_REQUIRED ACTION:_ Report every line of the listing below in which the string "unfolding" occurs.

--

lemma Mn_set_codebooks: "Mn_set (Mn q) (codebooks n) = 1"
  unfolding codebooks_def
  by (simp add: Mn_set_lists_length_eq[OF finite_lists_length_UNIV] Mn_set_q_lists[unfolded Mn_set_def])

lemma missing_codebooks_prob_le:
  assumes "length x = n" "coverable x"
  shows "Mn_set (Mn q) {c \<in> codebooks n. set c \<inter> cond_typical x = {}} \<le> exp (- (n * \<delta> / 2))"
proof -
  let ?L = "{y :: 'a list. length y = n}" and ?G = "cond_typical x" and ?K = "codebook_size n"
  have "?G \<subseteq> ?L"
    using assms by (auto simp: cond_typical_def)
  have "0 \<le> Mn_set q ?G" "Mn_set q ?G \<le> 1"
    using Mn_set_mono[OF finite_lists_length_UNIV \<open>?G \<subseteq> ?L\<close>, of q]
    by (simp_all add: Mn_set_nonneg q_nonneg Mn_set_q_lists)
  have "{c \<in> codebooks n. set c \<inter> ?G = {}} = {c. set c \<subseteq> ?L - ?G \<and> length c = ?K}"
    by (auto simp: codebooks_def)
  moreover have "(\<Sum>y\<in>?L - ?G. Mn q y) = 1 - Mn_set q ?G"
    using sum.subset_diff[OF \<open>?G \<subseteq> ?L\<close> finite_lists_length_UNIV, of "Mn q"] Mn_set_q_lists[of n]
    by (simp add: Mn_set_def)
  ultimately have "Mn_set (Mn q) {c \<in> codebooks n. set c \<inter> ?G = {}} = (1 - Mn_set q ?G) ^ ?K"
    using Mn_set_lists_length_eq[of "?L - ?G" "Mn q" ?K] by simp
  also have "\<dots> \<le> exp (- Mn_set q ?G) ^ ?K"
    using \<open>Mn_set q ?G \<le> 1\<close> exp_ge_add_one_self[of "- Mn_set q ?G"] by (intro power_mono) simp_all
  also have "\<dots> = exp (- (?K * Mn_set q ?G))"
    by (simp add: exp_of_nat_mult[symmetric])
  also have "\<dots> \<le> exp (- (n * \<delta> / 2))"
  proof -
    have "exp (n * (I + 2 * \<delta>)) * (exp (- (n * (I + \<delta>))) / 2) \<le> ?K * Mn_set q ?G"
      using assms \<open>0 \<le> Mn_set q ?G\<close> unfolding codebook_size_def coverable_def
      by (intro mult_mono real_nat_ceiling_ge) (auto intro: less_trans[OF _ exp_gt_zero])
    moreover have "exp (n * (I + 2 * \<delta>)) * (exp (- (n * (I + \<delta>))) / 2) = exp (n * \<delta>) / 2"
      by (simp add: exp_add[symmetric] algebra_simps)
    moreover have "n * \<delta> \<le> exp (n * \<delta>)"
      using exp_ge_add_one_self[of "n * \<delta>"] by linarith
    ultimately show ?thesis
      by simp
  qed
  finally show ?thesis .
qed

lemma average_missed_le: "(\<Sum>c\<in>codebooks n. Mn (Mn q) c * missed n c) \<le> exp (- (n * \<delta> / 2))"
proof -
  let ?X = "{x :: 'a list. length x = n \<and> coverable x}"
  let ?miss = "\<lambda>x c. set c \<inter> cond_typical x = {}"
  have "missed n c = (\<Sum>x\<in>?X. if ?miss x c then Mn (pmf P) x else 0)" for c
    unfolding missed_def Mn_set_def by (simp add: sum.inter_filter[symmetric] conj_assoc)
  then have "(\<Sum>c\<in>codebooks n. Mn (Mn q) c * missed n c)
      = (\<Sum>c\<in>codebooks n. \<Sum>x\<in>?X. if ?miss x c then Mn (pmf P) x * Mn (Mn q) c else 0)"
    by (simp add: sum_distrib_left if_distrib mult.commute cong: if_cong)
  also have "\<dots> = (\<Sum>x\<in>?X. Mn (pmf P) x * Mn_set (Mn q) {c \<in> codebooks n. ?miss x c})"
    by (subst sum.swap) (simp add: Mn_set_def sum.inter_filter finite_codebooks sum_distrib_left
        if_distrib cong: if_cong)
  also have "\<dots> \<le> (\<Sum>x\<in>?X. Mn (pmf P) x * exp (- (n * \<delta> / 2)))"
    by (intro sum_mono mult_left_mono missing_codebooks_prob_le) (auto simp: Mn_nonneg)
  also have "\<dots> \<le> (\<Sum>x | length x = n. Mn (pmf P) x * exp (- (n * \<delta> / 2)))"
    by (intro sum_mono2 finite_lists_length_UNIV) (auto simp: Mn_nonneg)
  also have "\<dots> = exp (- (n * \<delta> / 2))"
    using Mn_set_lists_length_UNIV[of "pmf P" n]
    by (simp add: Mn_set_def sum_distrib_right[symmetric] sum_pmf_eq_1)
  finally show ?thesis .
qed

lemma exists_good_codebook: "\<exists>c\<in>codebooks n. missed n c \<le> exp (- (n * \<delta> / 2))"
  using Mn_set_codebooks
  by (intro exists_le_weighted_average[where wt = "Mn (Mn q)", OF finite_codebooks _ _ average_missed_le])
    (auto simp: Mn_set_def Mn_nonneg q_nonneg)

definition code :: "nat \<Rightarrow> 'a list list \<Rightarrow> 'a list set" where
  "code n c = {y \<in> set c. (\<Sum>b\<leftarrow>y. ln (M b)) \<le> n * (E + \<delta>)}"

lemma Mn_set_code_le:
  assumes "c \<in> codebooks n" "1 \<le> n * \<delta>"
  shows "Mn_set M (code n c) \<le> exp (n * (I + E + 4 * \<delta>))"
proof -
  have "Mn M y \<le> exp (n * (E + \<delta>))" if "y \<in> code n c" for y
  proof -
    have "Mn M y = Mn (\<lambda>b. exp (ln (M b))) y"
      by (simp add: M_pos)
    then show ?thesis
      using that by (simp add: Mn_exp code_def)
  qed
  then have "Mn_set M (code n c) \<le> card (code n c) * exp (n * (E + \<delta>))"
    unfolding Mn_set_def by (rule sum_bounded_above)
  also have "\<dots> \<le> codebook_size n * exp (n * (E + \<delta>))"
  proof -
    have "card (code n c) \<le> card (set c)"
      by (intro card_mono) (auto simp: code_def)
    also have "\<dots> \<le> codebook_size n"
      using card_length[of c] assms(1) by (simp add: codebooks_def)
    finally show ?thesis
      by simp
  qed
  also have "\<dots> \<le> exp (n * \<delta>) * exp (n * (I + 2 * \<delta>)) * exp (n * (E + \<delta>))"
  proof (intro mult_right_mono)
    have "1 \<le> exp (n * (I + 2 * \<delta>))"
      using mutual_information_nonneg \<delta>_pos by simp
    moreover have "2 \<le> exp (n * \<delta>)"
      using exp_ge_add_one_self[of "n * \<delta>"] assms(2) by linarith
    moreover have "real (codebook_size n) \<le> exp (n * (I + 2 * \<delta>)) + 1"
      unfolding codebook_size_def by (simp add: of_nat_nat less_imp_le)
    moreover have "2 * exp (n * (I + 2 * \<delta>)) \<le> exp (n * \<delta>) * exp (n * (I + 2 * \<delta>))"
      using \<open>2 \<le> exp (n * \<delta>)\<close> by (intro mult_right_mono) auto
    ultimately show "real (codebook_size n) \<le> exp (n * \<delta>) * exp (n * (I + 2 * \<delta>))"
      by linarith
  qed simp
  also have "\<dots> = exp (n * (I + E + 4 * \<delta>))"
    by (simp add: exp_add[symmetric] algebra_simps)
  finally show ?thesis .
qed

lemma typical_imp_covered:
  assumes "c \<in> codebooks n" "y \<in> set c" "length x = n" "0 < n" "typical (zip x y)"
  shows "y \<in> code n c" "rho_n \<rho> x y \<le> D"
proof -
  have "length y = n"
    using assms(1,2) by (auto simp: codebooks_def)
  then show "y \<in> code n c"
    using assms sum_list_snd_zip[of x y "\<lambda>b. ln (M b)"] by (simp add: code_def typical_def)
  have "(\<Sum>s\<leftarrow>zip x y. \<rho> (fst s) (snd s)) \<le> n * D"
    using assms \<open>length y = n\<close> by (simp add: typical_def)
  then show "rho_n \<rho> x y \<le> D"
    using assms \<open>length y = n\<close> by (simp add: rho_n_eq_sum_list_zip divide_le_eq mult.commute)
qed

--

_COMPLETED EXERCISE:_
  unfolding codebooks_def
      using assms \<open>0 \<le> Mn_set q ?G\<close> unfolding codebook_size_def coverable_def
    unfolding missed_def Mn_set_def by (simp add: sum.inter_filter[symmetric] conj_assoc)
    unfolding Mn_set_def by (rule sum_bounded_above)
      unfolding codebook_size_def by (simp add: of_nat_nat less_imp_le)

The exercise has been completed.